Tuesday, 27 November 2012

West Highland Way - Lundrava to Kinlochleven

Walk Statistics
Walk Date - 27 November 2012
Walkers - Steve Smith, Gina Smith, David Boother, Wendy Boother, Joss Johnson
Accommodation - Laurel Bank Lodge, Fort William
Refreshments - Tailrace Inn, Kinlochleven
Start Point - Lundavra (GR NN10038 66507)
Start Time - 10:23
Finish Point - Kinlochleven (GR NN18698 62063)
Finish Time - 14:56
Duration - 4hrs 33mins
Average pace - 1.76mph
Distance Walked - 8.01miles
Height Ascended - 450.93metres
Height Descended - 616.37metres

Peaks visited
NONE

Route


Walk Summary

We are committed to the days walk
as the taxi disappears
after dropping us off at Lundavra
Following yesterdays exertions climbing Meall nan Clèireach Gina only wanted to do about 8 miles today so the £12.50 paid for the taxi with Nevis Taxis to take us the first 4½ miles down the Old Military Road to Lundavra was money well spent.
There was not too much opposition from Joss & Wendy either so I guess this suited them as well.
It also made sense to reverse the direction of walking, primarily so we would end up where we could go to a pub while waiting for the bus, rather than finishing in Lundavra, then having to walk further to receive a mobile signal to call the taxi.
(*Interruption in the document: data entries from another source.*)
(* Let $\Pi$ and $P$ be node-edge-checkable problems. Then: 1. $\Pi\xrightarrow{0}\tau_P(\tau_P(\Pi))$; 2. $\tau_P(\Pi)$ and $\tau_P(\tau_P(\tau_P(\Pi)))$ are equivalent, i.e., each is a relaxation of the other.
   Context: Fix $\Delta$. A node-edge-checkable problem $\Pi=(\Sigma_\Pi,\mathcal{N}_\Pi,\mathcal{E}_\Pi)$ has a finite label set, a node constraint $\mathcal{N}_\Pi$ (a set of cardinality-$\Delta$ multisets over $\Sigma_\Pi$) and an edge constraint $\mathcal{E}_\Pi$ (a set of cardinality-$2$ multisets). Relaxation. $\Pi\xrightarrow{0}\Pi'$ means there is a map $f$ with the following properties. For every $C=L_1\dots L_\Delta\in\mathcal{N}_\Pi$ and every $j$, $f$ assigns a label $f(C,j)\in\Sigma_{\Pi'}$. The map must satisfy: - $f(C,1)\dots f(C,\Delta)\in\mathcal{N}_{\Pi'}$; - whenever the $j$-th entry of $C$ and the $j'$-th entry of $C'$ form an element of $\mathcal{E}_\Pi$, then $f(C,j)f(C',j')\in\mathcal{E}_{\Pi'}$. The problem $\mathrm{R}^*(P)$ is defined as follows. - Labels are the nonempty subsets of $\Sigma_P$. - Node configurations are the $S_1\dots S_\Delta$ admitting $L_i\in S_i$ with $L_1\dots L_\Delta\in\mathcal{N}_P$. - Edge configurations are the $S_1S_2$ with $L_1L_2\in\mathcal{E}_P$ for all $L_1\in S_1,L_2\in S_2$. The tripotent input $\tau_P(\Pi)$ is defined as follows. - Labels are all functions $\Sigma_\Pi\to\Sigma_{\mathrm{R}^*(P)}$. - $f_1\dots f_\Delta$ is a node configuration iff $f_1(L_1)\dots f_\Delta(L_\Delta)\in\mathcal{N}_{\mathrm{R}^*(P)}$ for all $L_1\dots L_\Delta\in\mathcal{N}_\Pi$. - $f_1f_2$ is an edge configuration iff $f_1(L_1)f_2(L_2)\in\mathcal{E}_{\mathrm{R}^*(P)}$ for all $L_1L_2\in\mathcal{E}_\Pi$. *)

theory Defs
  imports Main "HOL-Library.Multiset" "HOL-Library.FuncSet"
begin

record 'a nec =
  labels :: "'a set"
  nodeC  :: "'a multiset set"
  edgeC  :: "'a multiset set"

definition wf_nec :: "nat \<Rightarrow> 'a nec \<Rightarrow> bool" where
  "wf_nec \<Delta> Prb \<longleftrightarrow> finite (labels Prb)
     \<and> (\<forall>C\<in>nodeC Prb. size C = \<Delta> \<and> set_mset C \<subseteq> labels Prb)
     \<and> (\<forall>C\<in>edgeC Prb. size C = 2 \<and> set_mset C \<subseteq> labels Prb)"

definition relax0 :: "nat \<Rightarrow> 'a nec \<Rightarrow> 'b nec \<Rightarrow> bool" where
  "relax0 \<Delta> Prb Prb' \<longleftrightarrow> (\<exists>(ent :: 'a multiset \<Rightarrow> nat \<Rightarrow> 'a) (f :: 'a multiset \<Rightarrow> nat \<Rightarrow> 'b).
     (\<forall>C\<in>nodeC Prb.
        mset (map (ent C) [0..<\<Delta>]) = C
      \<and> (\<forall>j<\<Delta>. f C j \<in> labels Prb')
      \<and> mset (map (f C) [0..<\<Delta>]) \<in> nodeC Prb')
   \<and> (\<forall>C\<in>nodeC Prb. \<forall>C'\<in>nodeC Prb. \<forall>j<\<Delta>. \<forall>j'<\<Delta>.
        {#ent C j, ent C' j'#} \<in> edgeC Prb \<longrightarrow> {#f C j, f C' j'#} \<in> edgeC Prb'))"

definition Rstar :: "nat \<Rightarrow> 'b nec \<Rightarrow> 'b set nec" where
  "Rstar \<Delta> P = \<lparr> labels = {S. S \<subseteq> labels P \<and> S \<noteq> {}},
     nodeC = {M. size M = \<Delta> \<and> set_mset M \<subseteq> {S. S \<subseteq> labels P \<and> S \<noteq> {}} \<and>
        (\<exists>Ss Ls. mset Ss = M \<and> length Ls = length Ss \<and> (\<forall>i<length Ss. Ls ! i \<in> Ss ! i)
                 \<and> mset Ls \<in> nodeC P)},
     edgeC = {M. \<exists>S1 S2. M = {#S1, S2#} \<and> S1 \<subseteq> labels P \<and> S1 \<noteq> {}
                 \<and> S2 \<subseteq> labels P \<and> S2 \<noteq> {}
                 \<and> (\<forall>L1\<in>S1. \<forall>L2\<in>S2. {#L1, L2#} \<in> edgeC P)} \<rparr>"

text \<open>The tripotent input. Labels are functions from the labels of Pi to the labels
  of R*(P), represented as extensional functions (undefined outside the domain).\<close>
definition tau :: "nat \<Rightarrow> 'b nec \<Rightarrow> 'a nec \<Rightarrow> ('a \<Rightarrow> 'b set) nec" where
  "tau \<Delta> P Prb = (let R = Rstar \<Delta> P; F = labels Prb \<rightarrow>\<^sub>E labels R in
    \<lparr> labels = F,
      nodeC = {M. size M = \<Delta> \<and> set_mset M \<subseteq> F \<and>
        (\<exists>fs. mset fs = M \<and>
           (\<forall>Ls. length Ls = \<Delta> \<longrightarrow> mset Ls \<in> nodeC Prb \<longrightarrow>
                 mset (map2 (\<lambda>g L. g L) fs Ls) \<in> nodeC R))},
      edgeC = {M. \<exists>f1 f2. M = {#f1, f2#} \<and> f1 \<in> F \<and> f2 \<in> F \<and>
        (\<forall>L1 L2. {#L1, L2#} \<in> edgeC Prb \<longrightarrow> {#f1 L1, f2 L2#} \<in> edgeC R)} \<rparr>)"

end

theory Submission
  imports Defs "HOL-Combinatorics.Permutations"
begin
(* Let $n\ge8$ be an integer. For every integer $k$ with $2\le k\le\lfloor n/2\rfloor-1$, the coefficient of the monomial $T_nT_{n+1-k}T_{k+1}$ in $R_{n+1}$ is $$c^{(n+1)}_{n,n+1-k,k+1}=-2(n+1)\binom{n}{k}.$$
   Context: Let $T_1,T_2,\dots$ be indeterminates, $T_\alpha=T_{\alpha_1}\cdots T_{\alpha_d}$. Define linear operators $L,H$ on monomials (constants sent to $0$): $L(T_{\alpha_1}\cdots T_{\alpha_r})=\sum_{1\le i<j\le r}T_{\alpha_1}\cdots T_{\alpha_i+1}\cdots T_{\alpha_j+1}\cdots T_{\alpha_r}$, $H(T_{\alpha_1}\cdots T_{\alpha_r})=-\frac12\sum_{k=1}^{r}\sum_{l=1}^{\alpha_k-1}\binom{\alpha_k}{l}T_{1+l}T_{1+\alpha_k-l}\prod_{i\ne k}T_{\alpha_i}$. For $n\ge2$ let $A_n=-\sum_{k=1}^{n-1}\binom{n}{k}T_{1+k}T_{1+n-k}T_n$; set $R_2=0$, $R_{n+1}=A_n+L(R_n)+H(R_n)$. $c^{(n)}_\alpha$ is the coefficient of the monomial $T_\alpha$ in $R_n$. *)

theory Defs
  imports Complex_Main "HOL-Library.Multiset"
begin

text \<open>A polynomial in T_1, T_2, ... with rational coefficients is represented as a formal
  (unnormalised) finite sum: a list of terms (c, xs), meaning c * T_{xs!0} * ... * T_{xs!(r-1)}.\<close>

type_synonym tpoly = "(rat \<times> nat list) list"

definition pcoeff :: "tpoly \<Rightarrow> nat multiset \<Rightarrow> rat" where
  "pcoeff p \<alpha> = sum_list (map fst (filter (\<lambda>t. mset (snd t) = \<alpha>) p))"

definition Lmono :: "nat list \<Rightarrow> nat list list" where
  "Lmono xs = [xs[i := xs!i + 1, j := xs!j + 1]. i \<leftarrow> [0..<length xs], j \<leftarrow> [i+1..<length xs]]"
lemma computable_comp_unary:
  "computable (Suc 0) (\<lambda>v. h (v!0)) \<Longrightarrow> computable m f
    \<Longrightarrow> computable m (\<lambda>xs. h (f xs))"
  using computable_comp1[of "\<lambda>v. h (v!0)" m f] by simp
lemma computable_comp_binary:
  "computable (Suc (Suc 0)) (\<lambda>v. h (v!0) (v!Suc 0)) \<Longrightarrow> computable m f
    \<Longrightarrow> computable m g \<Longrightarrow> computable m (\<lambda>xs. h (f xs) (g xs))"
  using computable_comp2[of "\<lambda>v. h (v!0) (v!Suc 0)" m f g] by simp
lemma computable_comp_ternary:
  "computable (Suc (Suc (Suc 0))) (\<lambda>v. h (v!0) (v!Suc 0) (v!Suc (Suc 0)))
    \<Longrightarrow> computable m f \<Longrightarrow> computable m g \<Longrightarrow> computable m k
    \<Longrightarrow> computable m (\<lambda>xs. h (f xs) (g xs) (k xs))"
  using computable_comp3[of "\<lambda>v. h (v!0) (v!Suc 0) (v!Suc (Suc 0))" m f g k] by simp

lemma computable_prim_rec_comp:
  "computable m F \<Longrightarrow> computable (Suc (Suc m)) G \<Longrightarrow> computable k N
    \<Longrightarrow> \<forall>a\<in>set As. computable k a \<Longrightarrow> length As = m
  \<Longrightarrow> computable k (\<lambda>xs. prim_rec F G (N xs) (map (\<lambda>a. a xs) As))"
proof -
  assume a: "computable m F" "computable (Suc (Suc m)) G" "computable k N" "\<forall>a\<in>set As. computable k a" "length As = m"
  have "computable (Suc m) (\<lambda>v. prim_rec F G (hd v) (tl v))" by (rule computable_prim_rec[OF a(1,2)])
  then have "computable k (\<lambda>xs. (\<lambda>v. prim_rec F G (hd v) (tl v)) (map (\<lambda>g. g xs) (N # As)))"
    by (intro computable_comp) (use a in auto)
  then show ?thesis by simp
qed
It also meant there was more descent than ascent overall. In particular avoiding the steep ascent out of Kinlochleven which would have been at the beginning of the walk rather than the easier descent we actually had into Kinlochleven.
From my point of view there was an element of disappointment that there were not any hills to bag, but on the other hand acquired great satisfaction that every one enjoyed the experience of a sample day on the West Highland Way with more than their fair share of spectacular views in a single days walking.
From my early experience of walking in the Scottish Highlands I suspect this is not a unique occurrence.

Walk Description
1.) Walk the short distance from the road to the West Highland Way and turn left ignoring the unmarked forest track going straight on.
2.) The path heads directly towards the Marilyn Doire Bàn through the coniferous wood marked on the map which has now been harvested.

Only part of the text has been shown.